The class uses the AES/ECB/PKCS5PADDING mode for encryption (I done the decryption manually on OpenJDK 11, so maybe the mode has another name with your crypto service provider on Android). The initialisation in methods ef + df with "Cipher.getInstance("AES")" results in the "standard" ECB-PKCS5PADDING mode which is insecure and should be no longer used.

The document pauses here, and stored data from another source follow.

(* Let $n\ge 1$, $M\ge1$ be integers and $a=(a_0,\dots,a_n)\in\mathbb{Z}^{n+1}$ with $0\le a_i\le M$ and $a_0=a_n=0$. Let $V=\{j+i/(2n+2): 0\le j<M,\ 0\le i\le 2n+2,\ i,j\in\mathbb{Z}\}$, $W=V^{2n+1}$, and let $G_0$ be the directed graph defined below. Then: (i) if $y=(y_j)_{j\in\mathbb{Z}}$ is a tropical recurrent minimal sequence with all $y_j\in V$ satisfying $a$, then every letter $Y_i=(y_i,\dots,y_{i+2n})$ of the sequence $Y=Y(y)=(Y_i)_{i\in\mathbb{Z}}$ is a vertex of $G_0$ and there is an arrow in $G_0$ from $Y_i$ to $Y_{i+1}$ for every $i$; thus $Y$ gives a bi-infinite path $p(Y)$ in $G_0$; (ii) conversely, for every bi-infinite path $p$ in $G_0$ there is a unique tropical recurrent minimal sequence $y$ with values in $V$ satisfying $a$ such that $p=p(Y(y))$; (iii) $y$ is periodic with period $d$ if and only if $Y(y)$ is periodic with period $d$.
   Context: A vector $z=(z_0,\dots,z_N)\in\mathbb{R}^{N+1}$ satisfies $a$ and is minimal if for each $0\le k\le N-n$ the minimum $\min_{0\le i\le n}\{a_i+z_{i+k}\}$ is attained at least twice, and for each $n\le j\le N-n$ there exists $j-n\le k\le j$ with $a_{j-k}+z_j=\min_{0\le i\le n}\{a_i+z_{k+i}\}$. The graph $G_0$ has as vertices the elements $(z_0,\dots,z_{2n})\in W$ which (with $N=2n$) satisfy $a$ and are minimal; there is an arrow from $(z_0,\dots,z_{2n})$ to $(z'_0,\dots,z'_{2n})$ iff $z_{i+1}=z'_i$ for $0\le i\le 2n-1$ (loops allowed). A tropical recurrent sequence is $y=(y_j)_{j\in\mathbb{Z}}$ with real entries; it satisfies $a$ if for every $k\in\mathbb{Z}$ the minimum $\min_{0\le i\le n}\{a_i+y_{i+k}\}$ is attained for at least two different $i$; it is minimal if for every $j$ there is $k$ with $j-n\le k\le j$ and $a_{j-k}+y_j=\min_{0\le i\le n}\{a_i+y_{i+k}\}$. A sequence $(x_j)_{j\in\mathbb{Z}}$ (of numbers or of letters of $W$) is periodic with period $d\ge 1$ if $x_{j+d}=x_j$ for all $j$. *)

theory Defs
  imports Main "HOL.Real"
begin

text \<open>The tropical coefficient vector a = (a_0,...,a_n) is a function nat => int,
  only its values at 0..n matter. Sequences are indexed by int.\<close>

definition trop_min :: "nat \<Rightarrow> (nat \<Rightarrow> int) \<Rightarrow> (int \<Rightarrow> real) \<Rightarrow> int \<Rightarrow> real" where
  "trop_min n a y k = Min ((\<lambda>i. real_of_int (a i) + y (k + int i)) ` {..n})"

definition min_twice :: "nat \<Rightarrow> (nat \<Rightarrow> int) \<Rightarrow> (int \<Rightarrow> real) \<Rightarrow> int \<Rightarrow> bool" where
  "min_twice n a y k = (\<exists>i1\<le>n. \<exists>i2\<le>n. i1 \<noteq> i2 \<and>
      real_of_int (a i1) + y (k + int i1) = trop_min n a y k \<and>
      real_of_int (a i2) + y (k + int i2) = trop_min n a y k)"
lemma norm_add_sq:
  fixes a b :: "'a::real_inner"
  shows "norm (a + b) ^ 2 = norm a ^ 2 + 2 * (a \<bullet> b) + norm b ^ 2"
  unfolding dot_norm by (simp add: field_simps)

lemma sum_norm_diff_mean_sq:
  fixes \<zeta> :: "nat \<Rightarrow> 'a::real_inner"
  assumes "n \<ge> 1" and "a = (1 / real n) *\<^sub>R (\<Sum>i<n. \<zeta> i)"
  shows "(\<Sum>i<n. norm (a - \<zeta> i) ^ 2) = (\<Sum>i<n. norm (\<zeta> i) ^ 2) - real n * norm a ^ 2"
proof -
  have sum_\<zeta>: "(\<Sum>i<n. \<zeta> i) = real n *\<^sub>R a" using assms by simp
  have "(\<Sum>i<n. norm (a - \<zeta> i) ^ 2) = (\<Sum>i<n. norm a ^ 2 - 2 * (a \<bullet> \<zeta> i) + norm (\<zeta> i) ^ 2)"
    using norm_add_sq[of a "- \<zeta> _"] by simp
  also have "\<dots> = real n * norm a ^ 2 - 2 * (a \<bullet> (\<Sum>i<n. \<zeta> i)) + (\<Sum>i<n. norm (\<zeta> i) ^ 2)"
    by (simp add: sum.distrib sum_subtractf inner_sum_right sum_distrib_left)
  finally show ?thesis by (simp add: sum_\<zeta> power2_norm_eq_inner)
qed

lemma norm_add_sq_le_young:
  fixes a b :: "'a::real_inner"
  assumes "\<beta> > 0"
  shows "norm (a + b) ^ 2 \<le> (1 + \<beta>) * norm a ^ 2 + (1 + 1 / \<beta>) * norm b ^ 2"
proof -
  from norm_add_sq[of a b] inner_le_young[OF assms, of a b] assms show ?thesis by (simp add: field_simps)
qed

lemma norm_add_scaleR_sq:
  fixes a d :: "'a::real_inner"
  shows "norm (a + c *\<^sub>R d) ^ 2 = norm a ^ 2 + 2 * c * (d \<bullet> a) + c ^ 2 * norm d ^ 2"
  by (simp add: power2_norm_eq_inner inner_add_left inner_add_right inner_commute[of a d]
      algebra_simps) (simp add: power2_eq_square)

section \<open>Expectations over finitely supported distributions\<close>

abbreviation \<E> :: "'b pmf \<Rightarrow> ('b \<Rightarrow> real) \<Rightarrow> real" where
  "\<E> p f \<equiv> measure_pmf.expectation p f"

lemma finite_set_replicate_pmf:
  "finite (set_pmf p) \<Longrightarrow> finite (set_pmf (replicate_pmf k p))"
  unfolding set_replicate_pmf lists_eq_set
  by (rule finite_subset[OF _ finite_lists_length_eq[of "set_pmf p" k]]) auto

lemma length_of_set_replicate_pmf: "xs \<in> set_pmf (replicate_pmf k p) \<Longrightarrow> length xs = k"
  by (simp add: set_replicate_pmf)

lemma expectation_bind_pmf_finite:
  fixes g :: "'c \<Rightarrow> 'd::{banach, second_countable_topology}"
  assumes "finite (set_pmf p)" and "\<And>x. x \<in> set_pmf p \<Longrightarrow> finite (set_pmf (f x))"
  shows "measure_pmf.expectation (p \<bind> f) g = measure_pmf.expectation p (\<lambda>x. measure_pmf.expectation (f x) g)"
proof -
  have "measure_pmf.expectation (p \<bind> f) g = (\<Sum>a\<in>set_pmf p. pmf p a *\<^sub>R measure_pmf.expectation (f a) g)"
    by (rule pmf_expectation_bind[OF assms]) auto
  also have "\<dots> = measure_pmf.expectation p (\<lambda>x. measure_pmf.expectation (f x) g)"
    by (rule integral_measure_pmf[OF assms(1), symmetric]) auto
  finally show ?thesis .
qed

lemma expectation_cong_set_pmf:
  "(\<And>x. x \<in> set_pmf p \<Longrightarrow> f x = g x) \<Longrightarrow> \<E> p f = \<E> p g"
  by (rule integral_cong_AE) (auto simp: AE_measure_pmf_iff)

lemma expectation_mono_finite:
  assumes "finite (set_pmf p)" and "\<And>x. x \<in> set_pmf p \<Longrightarrow> f x \<le> g x"
  shows "\<E> p f \<le> \<E> p g"
  using assms
  by (intro integral_mono_AE) (auto simp: AE_measure_pmf_iff intro: integrable_measure_pmf_finite)

lemma expectation_replicate_pmf_Suc:
  fixes g :: "'b list \<Rightarrow> 'c::{banach, second_countable_topology}"
  assumes "finite (set_pmf p)"
  shows "measure_pmf.expectation (replicate_pmf (Suc k) p) g
           = measure_pmf.expectation p (\<lambda>x. measure_pmf.expectation (replicate_pmf k p) (\<lambda>xs. g (x # xs)))"
  using assms finite_set_replicate_pmf
  by (simp only: replicate_pmf.simps, subst expectation_bind_pmf_finite)
    (auto intro!: integral_cong_AE simp: AE_measure_pmf_iff expectation_bind_pmf_finite)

如果创建了密文文件"cipher.dat",则可以使用此简单程序解密内容并将其显示在控制台上(没有适当的异常处理...):
If you created a ciphertextfile "cipher.dat" you can use this simple program to decrypt the content and show it on the console (there is no proper exception handling...):
import javax.crypto.BadPaddingException;
import javax.crypto.Cipher;
import javax.crypto.IllegalBlockSizeException;
import javax.crypto.NoSuchPaddingException;
import javax.crypto.spec.SecretKeySpec;
import java.io.IOException;
import java.nio.file.Files;
import java.nio.file.Paths;
import java.security.InvalidKeyException;
import java.security.NoSuchAlgorithmException;
public class SimpleDecryption {
public static void main(String[] args) throws InvalidKeyException, NoSuchPaddingException, NoSuchAlgorithmException, IOException, BadPaddingException, IllegalBlockSizeException {
System.out.println("Simple decryption method for\n" +
"https://stackoverflow.com/questions/140131/convert-a-string-representation-of-a-hex-dump-to-a-byte-array-using-java");
String filename = "cipher.dat";
byte[] fixedKey = hexStringToByteArray("e409c02fb48745a14f5e1c03e3c6f0ca");
Cipher aesCipher = Cipher.getInstance("AES/ECB/PKCS5PADDING");
SecretKeySpec secretKeySpec = new SecretKeySpec(fixedKey, "AES");
aesCipher.init(Cipher.DECRYPT_MODE, secretKeySpec);
System.out.println("decrypted text: " + new String(aesCipher.doFinal(Files.readAllBytes(Paths.get(filename))),"UTF-8"));
}
public static byte[] hexStringToByteArray(String s) {
int len = s.length();
byte[] data = new byte[len / 2];
for (int i = 0; i < len; i += 2) {
data[i / 2] = (byte) ((Character.digit(s.charAt(i), 16) << 4)
+ Character.digit(s.charAt(i + 1), 16));
}
return data;
}
}
示例输出:
Simple decryption method for
https://stackoverflow.com/questions/140131/convert-a-string-representation-of-a-hex-dump-to-a-byte-array-using-java
decrypted text: This text needs to get encrypted
这篇关于问:此smali类是否解密数据?它使用什么加密?的文章就介绍到这了,希望我们推荐的答案对大家有所帮助,也希望大家多多支持IT屋!